> **EXERCISE BRIEF**
Wherever "thesis" appears in the records below, copy the line that holds it.

> **DATASET**
___

lemma exists_word_above_length:
  "\<exists>B :: 'a::{finite,linorder} list. \<forall>v. length v = m \<longrightarrow> v < B"
proof (intro exI allI impI)
  let ?M = "Max {w::'a list. length w = m}"
  fix v :: "'a list" assume "length v = m"
  hence "v \<le> ?M" using finite_words_length by (intro Max_ge) auto
  also have "?M < ?M @ [undefined]" by (simp add: list_less_def lexord_append_rightI)
  finally show "v < ?M @ [undefined]" .
qed

section \<open>Reduction operators are determined by their kernels\<close>

lemma red_tspace: "is_red_op m T \<Longrightarrow> f \<in> tspace m \<Longrightarrow> T f \<in> tspace m"
  by (simp add: is_red_op_def)

lemma red_add: "is_red_op m T \<Longrightarrow> f \<in> tspace m \<Longrightarrow> g \<in> tspace m \<Longrightarrow> T (\<lambda>v. f v + g v) = (\<lambda>v. T f v + T g v)"
  by (simp add: is_red_op_def)

lemma red_smult: "is_red_op m T \<Longrightarrow> f \<in> tspace m \<Longrightarrow> T (\<lambda>v. c * f v) = (\<lambda>v. c * T f v)"
  by (simp add: is_red_op_def)

lemma red_idem: "is_red_op m T \<Longrightarrow> f \<in> tspace m \<Longrightarrow> T (T f) = T f"
  by (simp add: is_red_op_def)

lemma red_triangular: "is_red_op m T \<Longrightarrow> length w = m \<Longrightarrow>
    T (wd w) = wd w \<or> (\<forall>v. T (wd w) v \<noteq> 0 \<longrightarrow> v < w)"
  by (simp add: is_red_op_def)

lemma red_zero: assumes "is_red_op m T" shows "T (\<lambda>_. 0) = (\<lambda>_. 0)"
  using red_smult[OF assms lin_closed_zero[OF lin_closed_tspace], of 0] by simp

lemma red_diff:
  assumes T: "is_red_op m T" and f: "f \<in> tspace m" and g: "g \<in> tspace m"
  shows "T (\<lambda>v. f v - g v) = (\<lambda>v. T f v - T g v)"
proof -
  have "(\<lambda>v. (-1) * g v) \<in> tspace m" using g by (rule lin_closed_smult[OF lin_closed_tspace])
  thus ?thesis using red_add[OF T f, of "\<lambda>v. (-1) * g v"] red_smult[OF T g, of "-1"] by simp
qed

lemma red_sum:
  assumes T: "is_red_op m T"
  shows "finite A \<Longrightarrow> (\<forall>a\<in>A. F a \<in> tspace m) \<Longrightarrow> T (\<lambda>v. \<Sum>a\<in>A. F a v) = (\<lambda>v. \<Sum>a\<in>A. T (F a) v)"
proof (induction A rule: finite_induct)
  case empty
  thus ?case using red_zero[OF T] by simp
next
  case (insert x A)
  have "(\<lambda>v. \<Sum>a\<in>A. F a v) \<in> tspace m"
    using insert by (intro lin_closed_sum[OF lin_closed_tspace]) auto
  thus ?case using insert red_add[OF T, of "F x" "\<lambda>v. \<Sum>a\<in>A. F a v"] by simp
qed

lemma red_apply_eq_sum:
  fixes T :: "('a::{finite,linorder} list \<Rightarrow> 'k::field) \<Rightarrow> 'a list \<Rightarrow> 'k"
  assumes T: "is_red_op m T" and f: "f \<in> tspace m"
  shows "T f u = (\<Sum>v\<in>{w. length w = m}. f v * T (wd v) u)"
proof -
  have "T f = T (\<lambda>u. \<Sum>v\<in>{w. length w = m}. f v * wd v u)"
    using tspace_sum_wd[OF f] by presburger
  also have "\<dots> = (\<lambda>u. \<Sum>v\<in>{w. length w = m}. T (\<lambda>u. f v * wd v u) u)"
    by (rule red_sum[OF T finite_words_length])
      (auto intro: lin_closed_smult[OF lin_closed_tspace wd_tspace])
  finally show ?thesis using red_smult[OF T wd_tspace] by simp
qed

lemma tsubspace_kerop:
  assumes T: "is_red_op m T"
  shows "tsubspace m (kerop m T)"
  unfolding tsubspace_def lin_closed_def
proof (intro conjI ballI allI)
  show "(\<lambda>_. 0) \<in> kerop m T"
    using red_zero[OF T] lin_closed_zero[OF lin_closed_tspace] by (simp add: kerop_def)
next
  fix f g assume "f \<in> kerop m T" "g \<in> kerop m T"
  thus "(\<lambda>v. f v + g v) \<in> kerop m T"
    using red_add[OF T, of f g] lin_closed_add[OF lin_closed_tspace, of f m g]
    by (simp add: kerop_def)
next
  fix c f assume "f \<in> kerop m T"
  thus "(\<lambda>v. c * f v) \<in> kerop m T"
    using red_smult[OF T, of f c] lin_closed_smult[OF lin_closed_tspace, of f m c]
    by (simp add: kerop_def)
qed (auto simp: kerop_def)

___

> **ANSWER SECTION**
  thus ?thesis using red_add[OF T f, of "\<lambda>v. (-1) * g v"] red_smult[OF T g, of "-1"] by simp
  finally show ?thesis using red_smult[OF T wd_tspace] by simp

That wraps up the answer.